Provided data:
--- START ---

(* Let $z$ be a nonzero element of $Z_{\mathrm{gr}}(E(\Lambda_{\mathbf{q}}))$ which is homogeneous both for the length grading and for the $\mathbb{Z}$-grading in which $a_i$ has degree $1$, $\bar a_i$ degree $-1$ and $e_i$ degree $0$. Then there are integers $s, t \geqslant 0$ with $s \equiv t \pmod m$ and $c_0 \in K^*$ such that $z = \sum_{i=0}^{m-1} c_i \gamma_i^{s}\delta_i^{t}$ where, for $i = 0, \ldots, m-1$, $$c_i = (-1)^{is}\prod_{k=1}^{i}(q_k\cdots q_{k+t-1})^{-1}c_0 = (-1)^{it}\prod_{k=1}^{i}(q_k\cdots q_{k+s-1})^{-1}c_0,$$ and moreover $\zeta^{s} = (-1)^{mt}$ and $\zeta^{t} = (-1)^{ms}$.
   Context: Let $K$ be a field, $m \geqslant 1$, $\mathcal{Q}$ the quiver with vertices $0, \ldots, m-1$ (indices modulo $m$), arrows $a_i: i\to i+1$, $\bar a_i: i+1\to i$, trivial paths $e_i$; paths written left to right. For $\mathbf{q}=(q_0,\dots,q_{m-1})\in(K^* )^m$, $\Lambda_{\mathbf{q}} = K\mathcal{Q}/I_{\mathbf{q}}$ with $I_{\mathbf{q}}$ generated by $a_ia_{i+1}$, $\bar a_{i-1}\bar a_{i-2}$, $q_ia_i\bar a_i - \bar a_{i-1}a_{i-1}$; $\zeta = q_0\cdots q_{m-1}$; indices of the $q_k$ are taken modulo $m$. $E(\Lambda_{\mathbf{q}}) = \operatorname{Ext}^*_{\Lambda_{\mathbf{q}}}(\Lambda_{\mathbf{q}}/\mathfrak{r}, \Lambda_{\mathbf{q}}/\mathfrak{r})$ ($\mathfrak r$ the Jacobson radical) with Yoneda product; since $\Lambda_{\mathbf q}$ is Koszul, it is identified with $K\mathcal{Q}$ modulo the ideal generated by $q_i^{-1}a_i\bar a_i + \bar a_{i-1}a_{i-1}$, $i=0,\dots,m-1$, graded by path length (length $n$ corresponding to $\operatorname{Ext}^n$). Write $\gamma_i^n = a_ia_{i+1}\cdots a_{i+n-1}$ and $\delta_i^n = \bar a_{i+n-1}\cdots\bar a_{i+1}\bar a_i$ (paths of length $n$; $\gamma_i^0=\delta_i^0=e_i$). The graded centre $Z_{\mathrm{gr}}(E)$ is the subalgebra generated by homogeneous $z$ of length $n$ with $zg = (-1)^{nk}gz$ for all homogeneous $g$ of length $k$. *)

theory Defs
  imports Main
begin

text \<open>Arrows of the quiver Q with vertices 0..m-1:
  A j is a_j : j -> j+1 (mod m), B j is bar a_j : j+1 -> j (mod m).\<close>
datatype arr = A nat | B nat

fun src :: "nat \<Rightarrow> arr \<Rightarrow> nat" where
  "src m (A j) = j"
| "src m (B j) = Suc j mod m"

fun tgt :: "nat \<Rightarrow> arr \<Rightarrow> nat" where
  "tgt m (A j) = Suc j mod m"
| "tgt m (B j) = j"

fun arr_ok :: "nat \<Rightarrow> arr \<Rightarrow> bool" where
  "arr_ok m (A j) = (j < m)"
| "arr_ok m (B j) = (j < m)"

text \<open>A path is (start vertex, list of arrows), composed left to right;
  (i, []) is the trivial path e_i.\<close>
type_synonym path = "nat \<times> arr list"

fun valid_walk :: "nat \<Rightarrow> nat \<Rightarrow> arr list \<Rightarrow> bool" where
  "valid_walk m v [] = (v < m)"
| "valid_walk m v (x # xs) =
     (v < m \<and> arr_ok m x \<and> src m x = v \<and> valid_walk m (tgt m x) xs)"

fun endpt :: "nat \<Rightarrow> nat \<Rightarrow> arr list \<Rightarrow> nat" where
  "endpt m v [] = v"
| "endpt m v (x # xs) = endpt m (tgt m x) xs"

--- END ---

Task requirements: Every entry, from top to bottom, should be repeated word for word.

Exercise solution:
(* Let $z$ be a nonzero element of $Z_{\mathrm{gr}}(E(\Lambda_{\mathbf{q}}))$ which is homogeneous both for the length grading and for the $\mathbb{Z}$-grading in which $a_i$ has degree $1$, $\bar a_i$ degree $-1$ and $e_i$ degree $0$. Then there are integers $s, t \geqslant 0$ with $s \equiv t \pmod m$ and $c_0 \in K^*$ such that $z = \sum_{i=0}^{m-1} c_i \gamma_i^{s}\delta_i^{t}$ where, for $i = 0, \ldots, m-1$, $$c_i = (-1)^{is}\prod_{k=1}^{i}(q_k\cdots q_{k+t-1})^{-1}c_0 = (-1)^{it}\prod_{k=1}^{i}(q_k\cdots q_{k+s-1})^{-1}c_0,$$ and moreover $\zeta^{s} = (-1)^{mt}$ and $\zeta^{t} = (-1)^{ms}$.
   Context: Let $K$ be a field, $m \geqslant 1$, $\mathcal{Q}$ the quiver with vertices $0, \ldots, m-1$ (indices modulo $m$), arrows $a_i: i\to i+1$, $\bar a_i: i+1\to i$, trivial paths $e_i$; paths written left to right. For $\mathbf{q}=(q_0,\dots,q_{m-1})\in(K^* )^m$, $\Lambda_{\mathbf{q}} = K\mathcal{Q}/I_{\mathbf{q}}$ with $I_{\mathbf{q}}$ generated by $a_ia_{i+1}$, $\bar a_{i-1}\bar a_{i-2}$, $q_ia_i\bar a_i - \bar a_{i-1}a_{i-1}$; $\zeta = q_0\cdots q_{m-1}$; indices of the $q_k$ are taken modulo $m$. $E(\Lambda_{\mathbf{q}}) = \operatorname{Ext}^*_{\Lambda_{\mathbf{q}}}(\Lambda_{\mathbf{q}}/\mathfrak{r}, \Lambda_{\mathbf{q}}/\mathfrak{r})$ ($\mathfrak r$ the Jacobson radical) with Yoneda product; since $\Lambda_{\mathbf q}$ is Koszul, it is identified with $K\mathcal{Q}$ modulo the ideal generated by $q_i^{-1}a_i\bar a_i + \bar a_{i-1}a_{i-1}$, $i=0,\dots,m-1$, graded by path length (length $n$ corresponding to $\operatorname{Ext}^n$). Write $\gamma_i^n = a_ia_{i+1}\cdots a_{i+n-1}$ and $\delta_i^n = \bar a_{i+n-1}\cdots\bar a_{i+1}\bar a_i$ (paths of length $n$; $\gamma_i^0=\delta_i^0=e_i$). The graded centre $Z_{\mathrm{gr}}(E)$ is the subalgebra generated by homogeneous $z$ of length $n$ with $zg = (-1)^{nk}gz$ for all homogeneous $g$ of length $k$. *)

theory Defs
  imports Main
begin

text \<open>Arrows of the quiver Q with vertices 0..m-1:
  A j is a_j : j -> j+1 (mod m), B j is bar a_j : j+1 -> j (mod m).\<close>
datatype arr = A nat | B nat

fun src :: "nat \<Rightarrow> arr \<Rightarrow> nat" where
  "src m (A j) = j"
| "src m (B j) = Suc j mod m"

fun tgt :: "nat \<Rightarrow> arr \<Rightarrow> nat" where
  "tgt m (A j) = Suc j mod m"
| "tgt m (B j) = j"

fun arr_ok :: "nat \<Rightarrow> arr \<Rightarrow> bool" where
  "arr_ok m (A j) = (j < m)"
| "arr_ok m (B j) = (j < m)"

text \<open>A path is (start vertex, list of arrows), composed left to right;
  (i, []) is the trivial path e_i.\<close>
type_synonym path = "nat \<times> arr list"

fun valid_walk :: "nat \<Rightarrow> nat \<Rightarrow> arr list \<Rightarrow> bool" where
  "valid_walk m v [] = (v < m)"
| "valid_walk m v (x # xs) =
     (v < m \<and> arr_ok m x \<and> src m x = v \<and> valid_walk m (tgt m x) xs)"

fun endpt :: "nat \<Rightarrow> nat \<Rightarrow> arr list \<Rightarrow> nat" where
  "endpt m v [] = v"
| "endpt m v (x # xs) = endpt m (tgt m x) xs"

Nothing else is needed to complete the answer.